In 1951, some water-wet scrap Zr powder in wooden barrels was placed in outside storage pending development of scrap-recovery processes. During the next several years, a few minor spontaneous fires broke out in this material. In January 1956, the material in several deteriorated wooden barrels was wet with water and repackaged in steel drums. In May 1956, employees working in the area noted that one of the steel drums lying on its side contained a black material "similar to carbon dust." What happened is uncertain, but a spontaneous explosion occurred accompanied by streaks of red fire with black smoke extending 100 feet into the air. A pronounced concussion wave was noted and the sound of the blast was heard several miles away. Two employees were killed, one having been blown 80 feet through the air, and a the third lost an arm. The drum contained Zr, probably in the form of a fine powder. Using extensive precautions, the remaining drums of scrap Zr were subsequently burned. During this operation, one of the drums exploded.

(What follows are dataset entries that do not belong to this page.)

(* Let $G$ be a finite abelian group, $\mathcal M=(M,\preceq)$ a $\hat G$-linear monoid with partial order satisfying conditions (1)–(3) below, and $k$ a field. Then the extension of scalars functor $-\otimes k:\mathrm{Rep}(M,\hat G)\to k[M]\text{-}\mathrm{mod}$ restricts to a functor $-\otimes k:\mathrm{Rep}(\mathcal M,\hat G)\to k[\mathcal M]\text{-}\mathrm{mod}$.
   Context: $\hat G=G\sqcup\{0\}$ with $0$ absorbing. $\mathrm{Vect}_{\hat G}$: objects are finite pointed sets with an action of $\hat G$ ($0v=0$, $g0=0$) such that $G$ acts freely on nonzero elements; morphisms $f$ satisfy $f(0)=0$, $f(gv)=gf(v)$, $f(v_1)=f(v_2)\neq0\Rightarrow Gv_1=Gv_2$. A $\hat G$-linear monoid is a finite monoid $M$ with absorbing element $0_M$ containing $G$ as a subgroup of units commuting with all of $M$, with $G$ acting freely by translation on $M\setminus\{0_M\}$. $\mathrm{Rep}(M,\hat G)$: objects $V$ of $\mathrm{Vect}_{\hat G}$ with an action $a\mapsto V(a)$ of $M$ by morphisms of $\mathrm{Vect}_{\hat G}$, $0_M$ acting as zero and $g\in G$ as scalar $g$. On $\mathrm{End}_{\hat G}(V)$: $A\le B$ iff for all $x$, $Ax\neq0\Rightarrow Bx=Ax$. $\preceq$ is a partial order on $M$ with: (1) $0_M$ the unique minimal element; (2) whenever $\bigvee_{a\in I}a$ exists, $x(\bigvee a)=\bigvee xa$ and $(\bigvee a)x=\bigvee ax$ for all $x$; (3) the same for meets. $\mathrm{Rep}(\mathcal M,\hat G)$ is the full subcategory of $V\in\mathrm{Rep}(M,\hat G)$ such that whenever $\bigvee_{a\in I}a$ exists in $M$, $\bigvee_{a\in I}V(a)$ exists in $\mathrm{End}_{\hat G}(V)$ and equals $V(\bigvee_{a\in I}a)$. A complete system of orthogonal idempotents is a finite set $E=\{e_1,\dots,e_m\}\subseteq M$ with $e_ie_j=\delta_{ij}e_j$ and $1=\bigvee_i e_i$; $\mathcal C(M)$ is the set of these. $k[M]$ is the monoid algebra and $k[\mathcal M]=k[M]/(a-\sum_{e\in E}ae,\ a-\sum_{e\in E}ea\mid a\in M, E\in\mathcal C(M))$. For $V\in\mathrm{Rep}(M,\hat G)$, $V\otimes k$ is the $k$-vector space with basis $V\setminus\{0\}$, on which $a\in M$ acts by $v\mapsto av$ if $av\neq0$ and $v\mapsto0$ otherwise, and morphisms are extended linearly in the same way. *)

theory Defs
  imports "HOL-Algebra.Group"
begin

definition hatG_linear_monoid :: "('m, 'b) monoid_scheme \<Rightarrow> 'm set \<Rightarrow> 'm \<Rightarrow> bool" where
  "hatG_linear_monoid M G z \<longleftrightarrow>
     monoid M \<and> finite (carrier M) \<and>
     z \<in> carrier M \<and> (\<forall>x\<in>carrier M. z \<otimes>\<^bsub>M\<^esub> x = z \<and> x \<otimes>\<^bsub>M\<^esub> z = z) \<and>
     G \<subseteq> carrier M \<and> comm_group (M\<lparr>carrier := G\<rparr>) \<and>
     (\<forall>g\<in>G. \<forall>x\<in>carrier M. g \<otimes>\<^bsub>M\<^esub> x = x \<otimes>\<^bsub>M\<^esub> g) \<and>
     (\<forall>g\<in>G. \<forall>x\<in>carrier M - {z}. g \<otimes>\<^bsub>M\<^esub> x = x \<longrightarrow> g = \<one>\<^bsub>M\<^esub>)"

definition po_lub :: "('a \<Rightarrow> 'a \<Rightarrow> bool) \<Rightarrow> 'a set \<Rightarrow> 'a set \<Rightarrow> 'a \<Rightarrow> bool" where
  "po_lub leq S I a \<longleftrightarrow> a \<in> S \<and> (\<forall>i\<in>I. leq i a) \<and>
     (\<forall>b\<in>S. (\<forall>i\<in>I. leq i b) \<longrightarrow> leq a b)"

definition po_glb :: "('a \<Rightarrow> 'a \<Rightarrow> bool) \<Rightarrow> 'a set \<Rightarrow> 'a set \<Rightarrow> 'a \<Rightarrow> bool" where
  "po_glb leq S I a \<longleftrightarrow> a \<in> S \<and> (\<forall>i\<in>I. leq a i) \<and>
     (\<forall>b\<in>S. (\<forall>i\<in>I. leq b i) \<longrightarrow> leq b a)"

definition ordered_monoid_ok :: "('m, 'b) monoid_scheme \<Rightarrow> 'm \<Rightarrow> ('m \<Rightarrow> 'm \<Rightarrow> bool) \<Rightarrow> bool" where
  "ordered_monoid_ok M z leq \<longleftrightarrow>
     (\<forall>x\<in>carrier M. leq x x) \<and>
     (\<forall>x\<in>carrier M. \<forall>y\<in>carrier M. leq x y \<and> leq y x \<longrightarrow> x = y) \<and>
     (\<forall>x\<in>carrier M. \<forall>y\<in>carrier M. \<forall>w\<in>carrier M. leq x y \<and> leq y w \<longrightarrow> leq x w) \<and>
     \<comment> \<open>(1) z is the unique minimal element\<close>
     (\<forall>m\<in>carrier M. (\<forall>y\<in>carrier M. leq y m \<longrightarrow> y = m) \<longleftrightarrow> m = z) \<and>
     \<comment> \<open>(2) multiplication distributes over existing joins\<close>
     (\<forall>I a. I \<subseteq> carrier M \<longrightarrow> po_lub leq (carrier M) I a \<longrightarrow>
        (\<forall>x\<in>carrier M. po_lub leq (carrier M) ((\<lambda>i. x \<otimes>\<^bsub>M\<^esub> i) ` I) (x \<otimes>\<^bsub>M\<^esub> a) \<and>
                        po_lub leq (carrier M) ((\<lambda>i. i \<otimes>\<^bsub>M\<^esub> x) ` I) (a \<otimes>\<^bsub>M\<^esub> x))) \<and>
     \<comment> \<open>(3) multiplication distributes over existing meets\<close>
     (\<forall>I a. I \<subseteq> carrier M \<longrightarrow> po_glb leq (carrier M) I a \<longrightarrow>
        (\<forall>x\<in>carrier M. po_glb leq (carrier M) ((\<lambda>i. x \<otimes>\<^bsub>M\<^esub> i) ` I) (x \<otimes>\<^bsub>M\<^esub> a) \<and>
                        po_glb leq (carrier M) ((\<lambda>i. i \<otimes>\<^bsub>M\<^esub> x) ` I) (a \<otimes>\<^bsub>M\<^esub> x)))"

text \<open>An object of Rep(M, hat G): a finite pointed set (V, v0) with an action
act of M. The hat-G-action on V is the restriction of act to G \<union> {z}
(g \<in> G acts as scalar g, z acts as zero).\<close>

definition is_hatG_end :: "('m, 'b) monoid_scheme \<Rightarrow> 'm set \<Rightarrow> 'v set \<Rightarrow> 'v \<Rightarrow>
    ('m \<Rightarrow> 'v \<Rightarrow> 'v) \<Rightarrow> ('v \<Rightarrow> 'v) \<Rightarrow> bool" where
  "is_hatG_end M G V v0 act f \<longleftrightarrow>
     (\<forall>v\<in>V. f v \<in> V) \<and> f v0 = v0 \<and>
     (\<forall>g\<in>G. \<forall>v\<in>V. f (act g v) = act g (f v)) \<and>
     (\<forall>v1\<in>V. \<forall>v2\<in>V. f v1 = f v2 \<and> f v1 \<noteq> v0 \<longrightarrow>
         {act g v1 | g. g \<in> G} = {act g v2 | g. g \<in> G})"

definition is_rep :: "('m, 'b) monoid_scheme \<Rightarrow> 'm set \<Rightarrow> 'm \<Rightarrow> 'v set \<Rightarrow> 'v \<Rightarrow>
    ('m \<Rightarrow> 'v \<Rightarrow> 'v) \<Rightarrow> bool" where
  "is_rep M G z V v0 act \<longleftrightarrow>
     finite V \<and> v0 \<in> V \<and>
     (\<forall>a\<in>carrier M. \<forall>v\<in>V. act a v \<in> V) \<and>
     (\<forall>v\<in>V. act \<one>\<^bsub>M\<^esub> v = v) \<and>
     (\<forall>a\<in>carrier M. \<forall>b\<in>carrier M. \<forall>v\<in>V. act (a \<otimes>\<^bsub>M\<^esub> b) v = act a (act b v)) \<and>
     (\<forall>v\<in>V. act z v = v0) \<and>
     (\<forall>a\<in>carrier M. act a v0 = v0) \<and>
     (\<forall>g\<in>G. \<forall>v\<in>V - {v0}. act g v = v \<longrightarrow> g = \<one>\<^bsub>M\<^esub>) \<and>
     (\<forall>a\<in>carrier M. is_hatG_end M G V v0 act (act a))"

definition end_le :: "'v set \<Rightarrow> 'v \<Rightarrow> ('v \<Rightarrow> 'v) \<Rightarrow> ('v \<Rightarrow> 'v) \<Rightarrow> bool" where
  "end_le V v0 A B \<longleftrightarrow> (\<forall>x\<in>V. A x \<noteq> v0 \<longrightarrow> B x = A x)"

text \<open>Objects of Rep(\<M>, hat G): whenever the join of I exists in M (and equals a),
the join of the V(i), i \<in> I, exists in End_hatG(V) and equals V(a); equivalently
V(a) is a least upper bound of the V(i) in End_hatG(V).\<close>
definition is_rep_ord :: "('m, 'b) monoid_scheme \<Rightarrow> 'm set \<Rightarrow> 'm \<Rightarrow> ('m \<Rightarrow> 'm \<Rightarrow> bool) \<Rightarrow>
    'v set \<Rightarrow> 'v \<Rightarrow> ('m \<Rightarrow> 'v \<Rightarrow> 'v) \<Rightarrow> bool" where
  "is_rep_ord M G z leq V v0 act \<longleftrightarrow>
     is_rep M G z V v0 act \<and>
     (\<forall>I a. I \<subseteq> carrier M \<longrightarrow> po_lub leq (carrier M) I a \<longrightarrow>
        (\<forall>i\<in>I. end_le V v0 (act i) (act a)) \<and>
        (\<forall>B. is_hatG_end M G V v0 act B \<longrightarrow>
             (\<forall>i\<in>I. end_le V v0 (act i) B) \<longrightarrow> end_le V v0 (act a) B))"

definition complete_orth_idem :: "('m, 'b) monoid_scheme \<Rightarrow> 'm \<Rightarrow> ('m \<Rightarrow> 'm \<Rightarrow> bool) \<Rightarrow> 'm set \<Rightarrow> bool" where
  "complete_orth_idem M z leq E \<longleftrightarrow>
     finite E \<and> E \<subseteq> carrier M \<and>
     (\<forall>e1\<in>E. \<forall>e2\<in>E. e1 \<otimes>\<^bsub>M\<^esub> e2 = (if e1 = e2 then e2 else z)) \<and>
     po_lub leq (carrier M) E \<one>\<^bsub>M\<^esub>"

text \<open>Vectors of V \<otimes> k: functions V \<rightarrow> k supported on the basis V - {v0}.\<close>
definition tens_vecs :: "'v set \<Rightarrow> 'v \<Rightarrow> ('v \<Rightarrow> 'k::field) set" where
  "tens_vecs V v0 = {x. \<forall>w. w \<notin> V - {v0} \<longrightarrow> x w = 0}"

text \<open>Linear action of a \<in> M on V \<otimes> k: basis vector v \<mapsto> a v if a v \<noteq> 0, else 0.\<close>
definition tens_act :: "'v set \<Rightarrow> 'v \<Rightarrow> ('m \<Rightarrow> 'v \<Rightarrow> 'v) \<Rightarrow> 'm \<Rightarrow> ('v \<Rightarrow> 'k::field) \<Rightarrow> 'v \<Rightarrow> 'k" where
  "tens_act V v0 act a x w =
     (if w \<in> V - {v0} then (\<Sum>v\<in>{v\<in>V - {v0}. act a v = w}. x v) else 0)"

text \<open>V \<otimes> k is a k[\<M>]-module: the k[M]-action annihilates the generators
a - \<Sum>_{e\<in>E} a e and a - \<Sum>_{e\<in>E} e a of the defining ideal of k[\<M>].\<close>
definition is_kMord_module :: "('m, 'b) monoid_scheme \<Rightarrow> 'm \<Rightarrow> ('m \<Rightarrow> 'm \<Rightarrow> bool) \<Rightarrow>
    'v set \<Rightarrow> 'v \<Rightarrow> ('m \<Rightarrow> 'v \<Rightarrow> 'v) \<Rightarrow> 'k::field itself \<Rightarrow> bool" where
  "is_kMord_module M z leq V v0 act _ \<longleftrightarrow>
     (\<forall>a\<in>carrier M. \<forall>E. complete_orth_idem M z leq E \<longrightarrow>
        (\<forall>x::'v \<Rightarrow> 'k. x \<in> tens_vecs V v0 \<longrightarrow>
           tens_act V v0 act a x = (\<lambda>w. \<Sum>e\<in>E. tens_act V v0 act (a \<otimes>\<^bsub>M\<^esub> e) x w) \<and>
           tens_act V v0 act a x = (\<lambda>w. \<Sum>e\<in>E. tens_act V v0 act (e \<otimes>\<^bsub>M\<^esub> a) x w)))"

end

theory Submission
  imports Defs
begin

text \<open>Let \<open>E\<close> be a complete system of orthogonal idempotents and \<open>V\<close> an object of
Rep(\<M>, hat G). Since \<open>V(e) \<le> V(1) = id\<close>, each \<open>V(e)\<close> either fixes or kills a given
basis vector. The map fixing the vectors that are not killed by all of \<open>E\<close> and killing the rest is
a hat-G-linear upper bound of the \<open>V(e)\<close>, so it dominates \<open>V(1) = id\<close>: every nonzero \<open>v\<close> is
fixed by some \<open>e \<in> E\<close>, and by orthogonality by exactly one. Hence the sum of the \<open>V(e)\<close> acts as
the identity on \<open>V \<otimes> k\<close>, which gives the relations \<open>a = \<Sum>\<^sub>e a e = \<Sum>\<^sub>e e a\<close>.\<close>

lemma rep_finite: "is_rep M G z V v0 act \<Longrightarrow> finite V"
  by (simp add: is_rep_def)

lemma rep_base_mem: "is_rep M G z V v0 act \<Longrightarrow> v0 \<in> V"
  by (simp add: is_rep_def)

lemma rep_act_closed: "is_rep M G z V v0 act \<Longrightarrow> a \<in> carrier M \<Longrightarrow> v \<in> V \<Longrightarrow> act a v \<in> V"
  by (simp add: is_rep_def)

lemma rep_act_one: "is_rep M G z V v0 act \<Longrightarrow> v \<in> V \<Longrightarrow> act \<one>\<^bsub>M\<^esub> v = v"
  by (simp add: is_rep_def)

Two men died and two others were seriously injured in 1954 in a spontaneous explosion initiated during removal of the friction-top lid from a polythene-bag-lined, 1-gallon metal can containing Zr powder 16 percent wet with water. A ball of flame enveloped the entire area, accompanied by a concussion wave.
A 2-pound sample of carbon-tetrachloride-moistened powdered Zr was placed in a glass flask, vacuum applied, and the flask very gently heated with a Bunsen burner. The Zr suddenly began to heat up and detonated with a blinding flash. The explosion was attributed to a small amount of water.
In January 1955, an attempt was made to roll two 1,000-lb U slabs into 0.01-inch thick strips. After initial heating to 1,150 degrees F in a lithium-carbonate-potassium/carbonate bath, several 30 percent reductions were made by rolling. It was observed that heavy work passes had caused overheating. The strip, then 3/4 inch thick, was cooled to 1,200 degrees F. The strip again excessively heated during the next three reductions and became so ductile on entering the fourth that it pulled into two parts. The strip at this stage was cherry red, but by the time it had been removed to the mill floor it was observed to increase in temperature to a white heat followed by melting and burning.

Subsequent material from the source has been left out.